Moderna reports first successes with the specific vaccine against the omicron variant. However, the rapid spread of the BA.5 subtype clouds the promising prospects. Because it seems that the adapted vaccine will not be able to stop a BA.5 wave.

The omicron subvariant BA.5 continues to spread in Germany. The Robert Koch Institute (RKI) now estimates their share at ten percent. But: The number refers to the week before last. If the doubling of the past few weeks has continued, it should currently be around 40 percent. Experts assume that BA.5, as in Portugal, will displace the previous virus types in the shortest possible time. The RKI warns that “an increase in the number of infections and a renewed increase in infection pressure on vulnerable groups of people” can be expected in the summer.

Meanwhile, hopeful news is coming from the pharmaceutical industry: The US company Moderna recently reported that it was able to achieve an improved immune response against Omikron with a mixture of an old and an updated vaccine. And Biontech is also currently developing a vaccine adapted to Omikron. The problem is that these will probably not come onto the market until autumn and are primarily adapted to old Omicron types, such as the BA.2 variant, which is currently still dominant in Germany.

BA.5 has a mutation in its genome that did not yet exist in BA.1 and BA.2: L452R. At position 452 of the spike protein, one amino acid building block has been exchanged for another. Apparently, this mutation increases the transmissibility of the virus. Another mutation, F486V, may also be responsible for BA.5 being able to partially evade the immune system. This makes infection with this subvariant more likely.

Does the Omicron Booster still protect? Or has the corona virus mutated so badly with BA.5 that a BA.1 or BA.2-specific booster is already out of date? A new study by Biontech researchers, published in the journal Science Immunology, suggests that this could actually be the case. According to this, those who had been vaccinated twice and three times with Biontech/Pfizer gained hardly any additional neutralizing antibodies against BA.4 and BA.5 as a result of a breakthrough infection with Omicron BA.1.

The vaccine breakthrough led to a growth in antibodies against all previous variants including BA.1. However, compared to the new lines BA.4 and BA.5, the values ??were similarly low as in those who had been vaccinated three times without a vaccination breakthrough. The values ??were also about six times lower than against the original Wuhan virus.

The researchers led by Jasmin Quandt assume that certain immune mechanisms are the cause. In the event of a vaccine breakthrough, for example, those antibodies that are directed against regions of the virus that have not changed between the variants are strengthened. However, completely new B cells that produce antibodies are rarely formed.
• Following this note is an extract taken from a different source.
(* Consider the problem $\min_x f(x)=\frac1n\sum_{i=1}^n f_i(x)$ with $f$ $\mu$-strongly convex and unique minimizer $x^*$, run Algorithm BL1 (described in the context), and suppose the constants $H,H_1,M_1,M_2,R$ of the context satisfy the stated inequalities. (i) Suppose each $\mathcal{Q}^k$ is an unbiased compressor with parameter $\omega_{\rm M}$, $0<\eta\le1/(\omega_{\rm M}+1)$; for all $j\in[d]$ and $k\ge0$, $(z^k)_j$ is a convex combination of $\{(x^t)_j\}_{t=0}^k$; and for all $i\in[n]$, $j,l\in[d]$, $k\ge0$, $(\mathbf{L}_i^k)_{jl}$ is a convex combination of $\{h^i(\nabla^2f_i(z^t))_{jl}\}_{t=0}^k$. If $\|x^0-x^*\|^2\le\tilde c_1:=\min\left\{\frac{\mu^2}{4d^2H^2},\frac{\mu^2}{16d^4N_{\rm B}R^2M_2^2}\right\}$, then $\|z^k-x^*\|^2\le d\,\tilde c_1$ and $\mathcal{H}^k\le\frac{\mu^2}{16dN_{\rm B}R^2}$ for all $k\ge0$. (ii) Suppose each $\mathcal{Q}^k$ is a deterministic contraction compressor with parameter $\delta_{\rm M}$ and $\eta=1$, and each $\mathcal{C}_i^k$ is a deterministic contraction compressor with parameter $\delta$ and $\alpha=1$; set $(A_{\rm M},B_{\rm M}):=(\delta_{\rm M}/4,6/\delta_{\rm M}-7/2)$ and $(A,B):=(\delta/4,6/\delta-7/2)$. If $\|z^0-x^*\|^2\le\tilde c_2:=\min\left\{\frac{A_{\rm M}\mu^2}{4H^2B_{\rm M}},\frac{AA_{\rm M}\mu^2}{16N_{\rm B}R^2B_{\rm M}BM_1^2}\right\}$ and $\mathcal{H}^0\le\frac{A_{\rm M}\mu^2}{16N_{\rm B}R^2B_{\rm M}}$, then $\|z^k-x^*\|^2\le\tilde c_2$ and $\mathcal{H}^k\le\frac{A_{\rm M}\mu^2}{16N_{\rm B}R^2B_{\rm M}}$ for all $k\ge0$.
   Context: Compressors: a randomized map on $\mathbb{R}^{d\times d}$ (or $\mathbb{R}^d$) is unbiased with parameter $\omega\ge0$ if $\mathbb{E}\mathcal{C}(\mathbf{A})=\mathbf{A}$ and $\mathbb{E}\|\mathcal{C}(\mathbf{A})\|_{\rm F}^2\le(\omega+1)\|\mathbf{A}\|_{\rm F}^2$; a contraction compressor with parameter $\delta\in(0,1]$ if $\mathbb{E}\|\mathbf{A}-\mathcal{C}(\mathbf{A})\|_{\rm F}^2\le(1-\delta)\|\mathbf{A}\|_{\rm F}^2$; deterministic means $\mathcal{C}$ is a fixed (non-random) map. Bases: for each $i\in[n]$, $\{\mathbf{B}_i^{jl}\}_{j,l\in[d]}$ is a basis of $\mathbb{R}^{d\times d}$ and $h^i(\mathbf{A})$ is the coefficient matrix with $\mathbf{A}=\sum_{j,l}h^i(\mathbf{A})_{jl}\mathbf{B}_i^{jl}$; $N_{\rm B}:=1$ if all these bases are Frobenius-orthogonal, else $N_{\rm B}:=d^2$. Standing assumptions: for all $x,y$, $i$: $\|\nabla^2f_i(x)-\nabla^2f_i(y)\|\le H\|x-y\|$ (spectral), $\|\nabla^2f_i(x)-\nabla^2f_i(y)\|_{\rm F}\le H_1\|x-y\|$, $\|h^i(\nabla^2f_i(x))-h^i(\nabla^2f_i(y))\|_{\rm F}\le M_1\|x-y\|$, $\max_{j,l}|h^i(\nabla^2f_i(x))_{jl}-h^i(\nabla^2f_i(y))_{jl}|\le M_2\|x-y\|$, $\max_{j,l}\|\mathbf{B}_i^{jl}\|_{\rm F}\le R$. $[\mathbf{A}]_\mu$ is the Frobenius projection onto $\{\mathbf{A}=\mathbf{A}^\top,\mathbf{A}\succeq\mu\mathbf{I}\}$. Algorithm BL1 (parameters $\alpha,\eta\ge0$, $p\in(0,1]$): initialize $x^0=w^0=z^0$, matrices $\mathbf{L}_i^0$, $\xi^0=1$; $\mathbf{H}_i^k:=\sum_{j,l}(\mathbf{L}_i^k)_{jl}\mathbf{B}_i^{jl}$, $\mathbf{H}^k:=\frac1n\sum_i\mathbf{H}_i^k$. At iteration $k$: if $\xi^k=1$, $w^{k+1}=z^k$, $g^k=\nabla f(z^k)$; if $\xi^k=0$, $w^{k+1}=w^k$, $g^k=[\mathbf{H}^k]_\mu(z^k-w^k)+\nabla f(w^k)$. $\mathbf{L}_i^{k+1}=\mathbf{L}_i^k+\alpha\,\mathcal{C}_i^k(h^i(\nabla^2f_i(z^k))-\mathbf{L}_i^k)$; $x^{k+1}=z^k-[\mathbf{H}^k]_\mu^{-1}g^k$; $z^{k+1}=z^k+\eta\mathcal{Q}^k(x^{k+1}-z^k)$; $\xi^{k+1}\sim$ Bernoulli$(p)$. $\mathbf{L}_i^*:=h^i(\nabla^2f_i(x^* ))$, $\mathcal{H}^k:=\frac1n\sum_i\|\mathbf{L}_i^k-\mathbf{L}_i^*\|_{\rm F}^2$. *)

theory Defs
  imports "HOL-Probability.Probability"
begin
If new variants then appear in which the previously preserved regions have changed, these antibodies are also less effective.

It would therefore come as little surprise to Sebastian Ulbert if virus evolution continued to outpace vaccine development. “If a virus like Sars-CoV-2 circulates in a pandemic, you will always lag behind in vaccine development, even with flexible technologies such as mRNA vaccination,” said the senior immunologist at the Fraunhofer Institute for Immunology and Cell Therapy (IZI) the MDR. This is because the vaccines are very specifically tailored to certain surface structures of the virus, especially the so-called spike protein. If these change through mutation, the vaccines are no longer as effective. This will be even more true as future variants perhaps feature even bigger changes.

“It turns out that the current method of adapting the vaccine is too slow,” explains virologist Sandra Ciesek. Up to now, the adapted vaccines have had to be checked for their effectiveness before they are approved. This is a lengthy process.

The annual approval of influenza vaccines shows how things can be different. Here the evolution of the virus is observed worldwide and the vaccine is adapted every year without the need for new efficacy studies for approval. “Maybe we have to get there with Sars-CoV-2 if really only the sequence of the spike is adjusted,” says Ciesek.

Even if the omicron booster against BA.5 does not achieve the desired effectiveness, the development of such adapted vaccines still makes sense, emphasizes immunologist Reinhold Förster from the Hannover Medical School. “It may be that at some point a pi, rho or sigma mutant will appear against which, for example, the adapted Omicron BA.2 vaccine suddenly shows an excellent effect,” he told the “world”. That’s why you have to develop as many different vaccines as possible. “Because then at some point you just have to open the drawer and hopefully be able to say: Yes, vaccine twelve should actually work well against the new Pi mutant,” says Förster. Something like this could be tested very quickly in the laboratory.